En cuanto a la ideología, Clarín permanece fiel durante toda su vida a los grandes principios liberales (derecho de propiedad, libertad política, libertad de cultos, fe en el sufragio). Pero es un liberalismo vivificado y humanizado por la ética krausista, un liberalismo para hombres conscientes de sus deberes y que no tiene nada que ver con el laissez faire, laissez passer de la escuela de Manchester.
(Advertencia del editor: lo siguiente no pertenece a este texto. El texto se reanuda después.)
(* Let $\Gamma$ be a nonempty set and $\mathcal{S}$ a pointwise closed family of subsets of $\Gamma$ containing all singletons. Let $(x_n)_{n\in\mathbb{N}}$ be a bounded sequence in $J\mathcal{S}$. If for every $s\in\mathcal{S}$ the sequence $(s^*(x_n))_{n\in\mathbb{N}}$ is Cauchy, then $(x_n)$ is weakly Cauchy.
   Context: Pointwise closed means $\{\chi_s:s\in\mathcal{S}\}$ is closed in $\{0,1\}^\Gamma$. For a finitely supported $\phi:\Gamma\to\mathbb{R}$, the James-$\mathcal{S}$ norm is $\|\phi\|=\sup\big(\sum_{i=1}^n(\sum_{a\in s_i}\phi(a))^2\big)^{1/2}$ over all finite families of pairwise disjoint $s_1,\dots,s_n\in\mathcal{S}$; $J\mathcal{S}$ is the completion of the finitely supported functions in this norm. For $s\in\mathcal{S}$, $s^*$ is the bounded functional on $J\mathcal{S}$ extending $\phi\mapsto\sum_{a\in s}\phi(a)$. *)

theory Defs
  imports "HOL-Analysis.Analysis"
begin

text \<open>The ground set Gamma is the universe of a type 'g (nonempty automatically).
  Characteristic functions of subsets of Gamma are the predicates 'g => bool,
  and {0,1}^Gamma carries the product topology (bool has the discrete topology).\<close>

definition pointwise_closed :: "'g set set \<Rightarrow> bool" where
  "pointwise_closed S \<longleftrightarrow> closed {(\<lambda>a. a \<in> s) | s. s \<in> S}"

definition fin_supp :: "('g \<Rightarrow> real) \<Rightarrow> bool" where
  "fin_supp \<phi> \<longleftrightarrow> finite {a. \<phi> a \<noteq> 0}"

definition ssum :: "('g \<Rightarrow> real) \<Rightarrow> 'g set \<Rightarrow> real" where
  "ssum \<phi> s = sum \<phi> (s \<inter> {a. \<phi> a \<noteq> 0})"

definition jnorm :: "'g set set \<Rightarrow> ('g \<Rightarrow> real) \<Rightarrow> real" where
  "jnorm S \<phi> = (SUP F \<in> {F. finite F \<and> F \<subseteq> S \<and> disjoint F}.
                    sqrt (\<Sum>s\<in>F. (ssum \<phi> s)\<^sup>2))"

text \<open>A completion of the finitely supported functions in the James-S norm:
  a Banach space X together with a linear isometric map E from the finitely supported
  functions into X with dense range.  (The completion is unique up to isometric isomorphism.)\<close>
definition is_JS_completion ::
  "'g set set \<Rightarrow> (('g \<Rightarrow> real) \<Rightarrow> 'x::banach) \<Rightarrow> bool" where
  "is_JS_completion S E \<longleftrightarrow>
     (\<forall>\<phi> \<psi>. fin_supp \<phi> \<longrightarrow> fin_supp \<psi> \<longrightarrow> E (\<lambda>a. \<phi> a + \<psi> a) = E \<phi> + E \<psi>) \<and>
     (\<forall>\<phi> c. fin_supp \<phi> \<longrightarrow> E (\<lambda>a. c * \<phi> a) = c *\<^sub>R E \<phi>) \<and>
     (\<forall>\<phi>. fin_supp \<phi> \<longrightarrow> norm (E \<phi>) = jnorm S \<phi>) \<and>
     closure (E ` {\<phi>. fin_supp \<phi>}) = UNIV"

definition is_s_star ::
  "'g set set \<Rightarrow> (('g \<Rightarrow> real) \<Rightarrow> 'x::banach) \<Rightarrow> 'g set \<Rightarrow> ('x \<Rightarrow> real) \<Rightarrow> bool" where
  "is_s_star S E s f \<longleftrightarrow> bounded_linear f \<and> (\<forall>\<phi>. fin_supp \<phi> \<longrightarrow> f (E \<phi>) = ssum \<phi> s)"

definition weakly_Cauchy :: "(nat \<Rightarrow> 'x::real_normed_vector) \<Rightarrow> bool" where
  "weakly_Cauchy x \<longleftrightarrow> (\<forall>f::'x \<Rightarrow> real. bounded_linear f \<longrightarrow> Cauchy (\<lambda>n. f (x n)))"

end

theory Submission
  imports Defs
begin

text \<open>
  Write \<open>s\<^sup>*\<close> also for \<open>s = {}\<close>, where it is \<open>0\<close>.  Every \<open>x\<close> is normed by a functional
  \<open>k = \<Sum>i. a\<^sub>i P\<^sub>i\<^sup>*\<close> with pairwise disjoint \<open>P\<^sub>i \<in> S \<union> {{}}\<close> and \<open>\<Sum>i. a\<^sub>i\<^sup>2 = 1\<close>, because
  the supremum defining \<open>\<parallel>x\<parallel>\<^sup>2\<close> is attained by a disjoint sequence: list families that
  nearly attain it by the first points they meet in a countable enumeration of the supports
  of approximants of \<open>x\<close>; as sequences of indicator functions in the compact space
  \<open>nat \<Rightarrow> 'g \<Rightarrow> bool\<close> they accumulate, and pointwise closedness of \<open>S\<close> makes the limit
  again a disjoint sequence of members of \<open>S \<union> {{}}\<close>.  Since \<open>(P\<^sub>i\<^sup>* v)\<^sub>i\<close> has
  \<open>\<ell>\<^sup>2\<close>-norm at most \<open>\<parallel>v\<parallel>\<close>, such a \<open>k\<close> tends to \<open>0\<close> along every bounded sequence
  along which all \<open>s\<^sup>*\<close> tend to \<open>0\<close>.

  If \<open>f (x n)\<close> were not Cauchy, differences \<open>y j\<close> of far-apart terms would form such a
  sequence with \<open>f \<ge> \<epsilon>\<close> on its convex hull.  Simons' argument rules this out: choose
  \<open>u K\<close> greedily in the convex hulls \<open>C K\<close> of the tails of \<open>y\<close>, so that the norming
  functional \<open>k\<close> of \<open>z = \<Sum>K. 2\<^sup>-\<^sup>K\<^sup>-\<^sup>1 u K\<close> drops by at most \<open>\<epsilon>\<^sub>K\<close> from \<open>T K\<close> to
  \<open>T (K + 1)\<close>, where \<open>T K = \<Sum>j. 2\<^sup>-\<^sup>j\<^sup>-\<^sup>1 u (j + K) \<in> closure (C K)\<close>.  Then \<open>k\<close> stays
  large on every \<open>T K\<close>, although it tends to \<open>0\<close> along \<open>y\<close>.
\<close>

section \<open>Square-summable sequences\<close>

lemma abs_mult_le_half_sum_squares: "\<bar>a * b\<bar> \<le> (a\<^sup>2 + b\<^sup>2) / (2::real)"
proof -
  have "0 \<le> (\<bar>a\<bar> - \<bar>b\<bar>)\<^sup>2" by simp
  then show ?thesis by (simp add: power2_diff abs_mult)
qed

lemma summable_mult_of_summable_squares:
  fixes a b :: "nat \<Rightarrow> real"
  assumes "summable (\<lambda>i. (a i)\<^sup>2)" "summable (\<lambda>i. (b i)\<^sup>2)"
  shows "summable (\<lambda>i. a i * b i)"
proof (rule summable_rabs_cancel, rule summable_comparison_test)
  show "\<exists>N. \<forall>n\<ge>N. norm \<bar>a n * b n\<bar> \<le> ((a n)\<^sup>2 + (b n)\<^sup>2) / 2"
    using abs_mult_le_half_sum_squares by auto
  show "summable (\<lambda>i. ((a i)\<^sup>2 + (b i)\<^sup>2) / 2)"
    using assms by (intro summable_divide summable_add)
qed

lemma abs_suminf_mult_le:
  fixes a b :: "nat \<Rightarrow> real"
  assumes a: "summable (\<lambda>i. (a i)\<^sup>2)" and b: "summable (\<lambda>i. (b i)\<^sup>2)"
  shows "\<bar>\<Sum>i. a i * b i\<bar> \<le> sqrt (\<Sum>i. (a i)\<^sup>2) * sqrt (\<Sum>i. (b i)\<^sup>2)"
proof (rule LIMSEQ_le_const2)
  show "(\<lambda>n. \<bar>\<Sum>i<n. a i * b i\<bar>) \<longlonglongrightarrow> \<bar>\<Sum>i. a i * b i\<bar>"
    by (intro tendsto_rabs summable_LIMSEQ summable_mult_of_summable_squares a b)
  have "\<bar>\<Sum>i<n. a i * b i\<bar> \<le> sqrt (\<Sum>i. (a i)\<^sup>2) * sqrt (\<Sum>i. (b i)\<^sup>2)" for n
  proof -
    have "\<bar>\<Sum>i<n. a i * b i\<bar> = sqrt ((\<Sum>i<n. a i * b i)\<^sup>2)" by simp
    also have "\<dots> \<le> sqrt ((\<Sum>i<n. (a i)\<^sup>2) * (\<Sum>i<n. (b i)\<^sup>2))"
      by (rule real_sqrt_le_mono[OF Cauchy_Schwarz_ineq_sum])
    also have "\<dots> \<le> sqrt ((\<Sum>i. (a i)\<^sup>2) * (\<Sum>i. (b i)\<^sup>2))"
      by (intro real_sqrt_le_mono mult_mono sum_le_suminf a b sum_nonneg suminf_nonneg) auto
    finally show ?thesis by (simp add: real_sqrt_mult)
  qed
  then show "\<exists>N. \<forall>n\<ge>N. \<bar>\<Sum>i<n. a i * b i\<bar> \<le> sqrt (\<Sum>i. (a i)\<^sup>2) * sqrt (\<Sum>i. (b i)\<^sup>2)"
    by blast
qed

lemma suminf_mult_tendsto_zero:
  fixes a :: "nat \<Rightarrow> real" and b :: "nat \<Rightarrow> nat \<Rightarrow> real"
  assumes a: "summable (\<lambda>i. (a i)\<^sup>2)"
    and b: "\<And>n. summable (\<lambda>i. (b n i)\<^sup>2)" and bC: "\<And>n. (\<Sum>i. (b n i)\<^sup>2) \<le> C"
    and lim: "\<And>i. (\<lambda>n. b n i) \<longlonglongrightarrow> 0"
  shows "(\<lambda>n. \<Sum>i. a i * b n i) \<longlonglongrightarrow> 0"
proof (rule LIMSEQ_I)
  fix e :: real assume e: "e > 0"
  have "0 \<le> C" using order_trans[OF suminf_nonneg[OF b] bC] by simp
  define D where "D = sqrt C + 1"
  have D: "sqrt C < D" "0 < D"
    unfolding D_def using real_sqrt_ge_zero[OF \<open>0 \<le> C\<close>] by linarith+
  define r where "r = e / (2 * D)"
  have r: "r > 0" using e D by (simp add: r_def)
  have "r * D = e / 2" using D by (simp add: r_def)
  then have rC: "r * sqrt C < e / 2" using mult_strict_left_mono[OF D(1) r] by linarith
  obtain N where N: "norm (\<Sum>i. (a (i + N))\<^sup>2) < r\<^sup>2"
    using suminf_exist_split[OF _ a, of "r\<^sup>2"] r by auto
  have a': "summable (\<lambda>i. (a (i + N))\<^sup>2)"
    using a by (subst summable_iff_shift)
  have "(\<lambda>n. \<Sum>i<N. a i * b n i) \<longlonglongrightarrow> 0"
    using lim by (auto intro!: tendsto_null_sum tendsto_mult_right_zero)
  then obtain M where M: "\<And>n. n \<ge> M \<Longrightarrow> \<bar>\<Sum>i<N. a i * b n i\<bar> < e / 2"
    using LIMSEQ_D[of _ 0 "e / 2"] e by fastforce
  show "\<exists>M. \<forall>n\<ge>M. norm ((\<Sum>i. a i * b n i) - 0) < e"
  proof (intro exI allI impI)
    fix n assume "M \<le> n"
    have b': "summable (\<lambda>i. (b n (i + N))\<^sup>2)"
      using b by (subst summable_iff_shift)
    have "(\<Sum>i. (b n (i + N))\<^sup>2) \<le> (\<Sum>i. (b n i)\<^sup>2)"
      using suminf_split_initial_segment[OF b, of n N] by (simp add: sum_nonneg)
    then have tail_b: "sqrt (\<Sum>i. (b n (i + N))\<^sup>2) \<le> sqrt C"
      using bC[of n] by simp
    have tail_a: "sqrt (\<Sum>i. (a (i + N))\<^sup>2) \<le> r"
      using N r real_sqrt_less_mono[of _ "r\<^sup>2"] by (simp add: suminf_nonneg[OF a'] less_imp_le)
    have "\<bar>\<Sum>i. a (i + N) * b n (i + N)\<bar>
        \<le> sqrt (\<Sum>i. (a (i + N))\<^sup>2) * sqrt (\<Sum>i. (b n (i + N))\<^sup>2)"
      by (rule abs_suminf_mult_le[OF a' b'])
    also have "\<dots> \<le> r * sqrt C"
      using tail_a tail_b r by (intro mult_mono) (auto simp: suminf_nonneg[OF b'])
    finally have "\<bar>\<Sum>i. a (i + N) * b n (i + N)\<bar> \<le> r * sqrt C" .
    moreover have "(\<Sum>i. a i * b n i) = (\<Sum>i. a (i + N) * b n (i + N)) + (\<Sum>i<N. a i * b n i)"
      by (rule suminf_split_initial_segment[OF summable_mult_of_summable_squares[OF a b]])
    ultimately show "norm ((\<Sum>i. a i * b n i) - 0) < e"
      using M[OF \<open>M \<le> n\<close>] rC by simp
  qed
qed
Esta posición Clarín la comparte, con matices y variantes, con otras personalidades de la clase media, escritores y universitarios, las que, en su mayoría, han recibido directa o indirectamente algo de la enseñanza de Julián Sanz del Río o de Francisco Giner, como por ejemplo, Adolfo Posada, Urbano González Serrano, Rafael Altamira, Rafael Salillas, Pedro Dorado Montero, Sales y Ferré y también Joaquín Costa, el mismo Pérez Galdós y otros muchos.
Por lo que hace a la conciencia histórica, todos piensan que este ideal humano y social sólo puede prosperar, dadas las condiciones del momento, en la intelectualidad de clase media. Por eso mismo están convencidos de que la parte ilustrada de esta clase tendrá una misión hegemónica que cumplir a corto o a largo plazo, y a cuyo advenimiento se empeñan con ahínco en el campo de la enseñanza, de la cultura, de las artes, de la literatura, de las ciencias, de las ciencias sociales.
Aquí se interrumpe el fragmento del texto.